To further describe the phenotypic associations of the peak SNPs, we examined age-at-onset using rs910873. In Q1 and Q2 we used two criteria, ≤40 and ≤30. Since all A1 cases had age-at-onset ≤40 years, we stratified this sample only at ≤30. Results for Q2 indicated that the age-at-onset threshold of ≤40 was important (≤40 subset OR, 1.83 (1.39, 2.41); >40 subset OR, 1.30 (1.00, 1.69)) but that the ≤30 threshold was not (≤30 subset OR, 1.82 (1.31, 2.53)). Examining only the Q2 case sample, there was a significant effect of the rs910873 risk allele when age-at-onset was analysed as a quantitative trait (p=0.03, Supplementary Notes
). In A1 the association in the ≤30 subset (OR 1.77 (1.22, 2.57)) was weaker than that in the >30 subset (OR 1.87 (1.40, 2.51)). Age-at-onset was not significant in Q1 (data not shown), the discovery sample which was ascertained without respect to age-at-onset. Overall, rs910873 (and through LD, rs1885120) appears related to early onset.
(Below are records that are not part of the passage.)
text \<open>Given an open cover, the Z-set property of B yields a map g, finer than the cover, whose
  image misses B. It remains to push g off A by a small continuous perturbation. Replace each
  function f by f + w (1 - f), where the cutoff w equals 1 on a small ball around a and vanishes
  outside a slightly larger one: the result is 1 near a, so it cannot lie in A because balls
  around a have positive measure. Since {a} is null, the perturbation has small L^p-norm once
  the balls are small, and their size can be chosen as a continuous function of the point
  (a locally finite sum of ramps), so that the perturbed map stays finer than the cover and
  away from B.\<close>

lemma continuous_map_suminf_locally_finite:
  fixes f :: "nat \<Rightarrow> 'b \<Rightarrow> real"
  assumes cont: "\<And>n. continuous_map X euclideanreal (f n)"
    and locfin: "\<And>x. x \<in> topspace X \<Longrightarrow>
      \<exists>U N. openin X U \<and> x \<in> U \<and> (\<forall>y\<in>U. \<forall>n\<ge>N. f n y = 0)"
  shows "continuous_map X euclideanreal (\<lambda>x. \<Sum>n. f n x)"
  unfolding continuous_map_def
proof (intro conjI allI impI)
  show "(\<lambda>x. \<Sum>n. f n x) \<in> topspace X \<rightarrow> topspace euclideanreal" by simp
  fix V :: "real set" assume V: "openin euclideanreal V"
  show "openin X {x \<in> topspace X. (\<Sum>n. f n x) \<in> V}"
  proof (subst openin_subopen, intro ballI)
    fix x assume "x \<in> {x \<in> topspace X. (\<Sum>n. f n x) \<in> V}"
    then have x: "x \<in> topspace X" "(\<Sum>n. f n x) \<in> V" by auto
    obtain U N where U: "openin X U" "x \<in> U" and zero: "\<And>y n. y \<in> U \<Longrightarrow> N \<le> n \<Longrightarrow> f n y = 0"
      using locfin[OF x(1)] by blast
    have partial: "(\<Sum>n. f n y) = (\<Sum>n<N. f n y)" if "y \<in> U" for y
      by (rule suminf_finite) (use zero that in auto)
    have "continuous_map X euclideanreal (\<lambda>y. \<Sum>n<N. f n y)"
      by (intro continuous_map_sum cont) auto
    then have "openin X {y \<in> topspace X. (\<Sum>n<N. f n y) \<in> V}"
      using V by (rule openin_continuous_map_preimage)
    then show "\<exists>T. openin X T \<and> x \<in> T \<and> T \<subseteq> {x \<in> topspace X. (\<Sum>n. f n x) \<in> V}"
      using U x partial by (intro exI[of _ "U \<inter> {y \<in> topspace X. (\<Sum>n<N. f n y) \<in> V}"]) auto
  qed
qed

text \<open>The n-th ramp also vanishes where e n \<le> \<delta>/2; as e decreases in n, near each point all
  but finitely many ramps vanish.\<close>
lemma locally_finite_continuous_ramps:
  fixes e :: "nat \<Rightarrow> 'b \<Rightarrow> real"
  assumes cont: "\<And>n. continuous_map X euclideanreal (e n)"
    and antimono: "\<And>x m n. x \<in> topspace X \<Longrightarrow> m \<le> n \<Longrightarrow> e n x \<le> e m x"
    and small: "\<And>x \<epsilon>. x \<in> topspace X \<Longrightarrow> 0 < \<epsilon> \<Longrightarrow> \<exists>n. e n x < \<epsilon>"
    and \<delta>: "continuous_map X euclideanreal \<delta>" and \<delta>_pos: "\<And>x. x \<in> topspace X \<Longrightarrow> 0 < \<delta> x"
  obtains t :: "nat \<Rightarrow> 'b \<Rightarrow> real" where "\<And>n. continuous_map X euclideanreal (t n)"
    "\<And>n x. 0 \<le> t n x" "\<And>n x. x \<in> topspace X \<Longrightarrow> \<delta> x \<le> e n x \<Longrightarrow> t n x = 1"
    "\<And>x. x \<in> topspace X \<Longrightarrow> \<exists>U N. openin X U \<and> x \<in> U \<and> (\<forall>y\<in>U. \<forall>n\<ge>N. t n y = 0)"
proof
  define t where "t n x = max 0 (min 1 (2 * e n x / \<delta> x - 1))" for n x
  show "continuous_map X euclideanreal (t n)" for n
    unfolding t_def using \<delta>_pos
    by (intro continuous_map_real_max continuous_map_real_min continuous_map_diff
        continuous_map_real_divide continuous_map_real_mult_left cont \<delta> continuous_map_const[THEN iffD2])
      (auto simp: less_imp_neq[symmetric])
  show "0 \<le> t n x" for n x by (simp add: t_def)
  show "t n x = 1" if "x \<in> topspace X" "\<delta> x \<le> e n x" for n x
    using that \<delta>_pos[of x] by (simp add: t_def le_divide_eq)
  have t_zero: "t n x = 0" if "x \<in> topspace X" "e n x \<le> \<delta> x / 2" for n x
    using that \<delta>_pos[of x] by (simp add: t_def divide_le_eq)
  fix x assume x: "x \<in> topspace X"
  obtain N where N: "e N x < \<delta> x / 2" using small[OF x] \<delta>_pos[OF x] by (meson half_gt_zero)
  define U where "U = {y \<in> topspace X. 2 * e N y - \<delta> y \<in> {..<0}}"
  have "openin X U"
    unfolding U_def
    by (intro openin_continuous_map_preimage[where Y = euclideanreal] continuous_map_diff
        continuous_map_real_mult_left cont \<delta>) auto
  moreover have "t n y = 0" if "y \<in> U" "N \<le> n" for y n
    using that antimono[of y N n] by (intro t_zero) (auto simp: U_def)
  moreover have "x \<in> U" using x N by (simp add: U_def)
  ultimately show "\<exists>U N. openin X U \<and> x \<in> U \<and> (\<forall>y\<in>U. \<forall>n\<ge>N. t n y = 0)"
    by (intro exI[of _ U] exI[of _ N]) auto
qed
lemma integral_cost_fun_nonneg: "0 \<le> integral\<^sup>L \<mu> (cost_fun f)"
  using cost_fun_nonneg by (intro integral_nonneg_AE) simp

theorem fw_optimal:
  assumes "f \<in> F_Lambda \<mu> C p n lam"
  shows "cost \<mu> D C fw \<le> cost \<mu> D C f"
proof -
  have "0 \<le> integral\<^sup>L \<mu> (\<lambda>z. reduced_cost f z - reduced_cost fw z)"
    using reduced_cost_fw_le[OF assms] by (intro integral_nonneg_AE) simp
  then have "integral\<^sup>L \<mu> (cost_fun fw) \<le> integral\<^sup>L \<mu> (cost_fun f)"
    using reduced_cost_gap(2)[OF assms] by simp
  then show ?thesis
    using cost_eq_integral[OF assms] cost_eq_integral[OF fw_in_F_Lambda] by (simp add: ennreal_leI)
qed

theorem fw_unique_ae:
  assumes F: "f \<in> F_Lambda \<mu> C p n lam" and same_cost: "cost \<mu> D C f = cost \<mu> D C fw"
  shows "AE z in \<mu>. z \<in> C \<longrightarrow> f z = fw z"
proof -
  have "integral\<^sup>L \<mu> (cost_fun f) = integral\<^sup>L \<mu> (cost_fun fw)"
    using same_cost cost_eq_integral[OF F] cost_eq_integral[OF fw_in_F_Lambda]
      integral_cost_fun_nonneg by simp
  then have "AE z in \<mu>. reduced_cost f z - reduced_cost fw z = 0"
    using integral_nonneg_eq_0_iff_AE[OF reduced_cost_gap(1)[OF F]] reduced_cost_gap(2)[OF F]
      reduced_cost_fw_le[OF F] by simp
  moreover have "AE z in \<mu>. z \<notin> C \<inter> Vw D p n w"
    using boundary_null by (rule AE_not_in)
  ultimately show ?thesis
    by eventually_elim (use reduced_cost_eq_imp_fw[OF F] in auto)
qed

end

theorem theorem2:
  fixes \<mu> :: "'a::euclidean_space measure"
    and p :: "nat \<Rightarrow> 'a" and n :: nat
    and D :: "'a \<Rightarrow> 'a \<Rightarrow> real"
    and C :: "'a set" and lam w :: "nat \<Rightarrow> real" and fw :: "'a \<Rightarrow> 'a"
  assumes sets_mu: "sets \<mu> = sets lebesgue"
    and abs_cont: "null_sets \<mu> = null_sets lebesgue"
    and inj: "inj_on p {1..n}"
    and D_cont: "\<And>i. i \<in> {1..n} \<Longrightarrow> continuous_on UNIV (D (p i))"
    and D_nonneg: "\<And>i z. i \<in> {1..n} \<Longrightarrow> D (p i) z \<ge> 0"
    and adm: "admissible \<mu> (p ` {1..n}) D"
    and C_bdd: "bounded C" and C_open: "open C"
    and lam_pos: "\<And>i. i \<in> {1..n} \<Longrightarrow> lam i > 0"
    and lam_sum: "emeasure \<mu> C = ennreal (\<Sum>i\<in>{1..n}. lam i)"
    and w_cells: "\<And>i. i \<in> {1..n} \<Longrightarrow> emeasure \<mu> (C \<inter> VR D p n w i) = ennreal (lam i)"
    and fw_cells: "\<And>i z. i \<in> {1..n} \<Longrightarrow> z \<in> C \<inter> VR D p n w i \<Longrightarrow> fw z = p i"
    and fw_rest: "\<And>z. z \<in> C \<inter> Vw D p n w \<Longrightarrow>
        \<exists>i\<in>{1..n}. fw z = p i \<and> (\<forall>j\<in>{1..n}. D (p i) z - w i \<le> D (p j) z - w j)"
  shows "fw \<in> F_Lambda \<mu> C p n lam
    \<and> (\<forall>f\<in>F_Lambda \<mu> C p n lam. cost \<mu> D C fw \<le> cost \<mu> D C f)
    \<and> (\<forall>f\<in>F_Lambda \<mu> C p n lam. cost \<mu> D C f = cost \<mu> D C fw \<longrightarrow>
          (AE z in \<mu>. z \<in> C \<longrightarrow> f z = fw z))"
proof -
  interpret weighted_assignment \<mu> p n D C lam w fw
    using sets_mu abs_cont inj D_cont D_nonneg C_bdd C_open lam_pos lam_sum w_cells fw_cells fw_rest
    by unfold_locales
  show ?thesis
    using fw_in_F_Lambda fw_optimal fw_unique_ae by blast
qed

end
To provide an unbiased estimate of the odds ratio and population attributable fraction (PAF) we used the two replication samples Q2 and A1. The ORs were 1.72 (1.48, 2.14) and 1.81 (1.52, 2.17) for all cases and ≤40 age-at-onset, respectively. The PAFs in these samples from the Australian population were 0.06 (0.04, 0.09) and 0.07 (0.04, 0.09) for all cases and ≤40 age-at-onset, respectively.
The most strongly associated region between rs910873 and rs1885120 is ~400 kb in length. Rs1885120 maps within an intron of MYH7B
(myosin, heavy polypeptide 7B, cardiac muscle, beta), which is not expressed in a large panel of melanoma cell lines analysed11
. Rs910873 maps within an intron of PIGU
(also known as CDC91L1
) which encodes phosphatidylinositol glycan anchor biosynthesis class U, and is expressed in all melanoma cell lines assessed, as are TP53INP2
(tumor protein p53 inducible nuclear protein 2), NCOA6
(nuclear receptor coactivator 6), GGTL3
(gamma-glutamyltransferase-like 3), ACSS2
(acyl-CoA synthetase short-chain family member 2), and GSS
(glutathione synthetase), the other genes that map between these two SNPs.
In summary, we have identified a novel melanoma risk locus and replicated this association in two independent samples, with a combined P
<1 × 10-15
. The effect size for melanoma associated with this genomic region is of similar magnitude to that associated with MC1R
(OR ~2, PAF ~0.1 for heterozygotes)3,4
, the only robustly replicated low penetrance melanoma predisposition gene identified to date. Identification of the causal variants associated with melanoma predisposition at 20q11.22 will help refine the estimates of risk for this increasingly common cancer.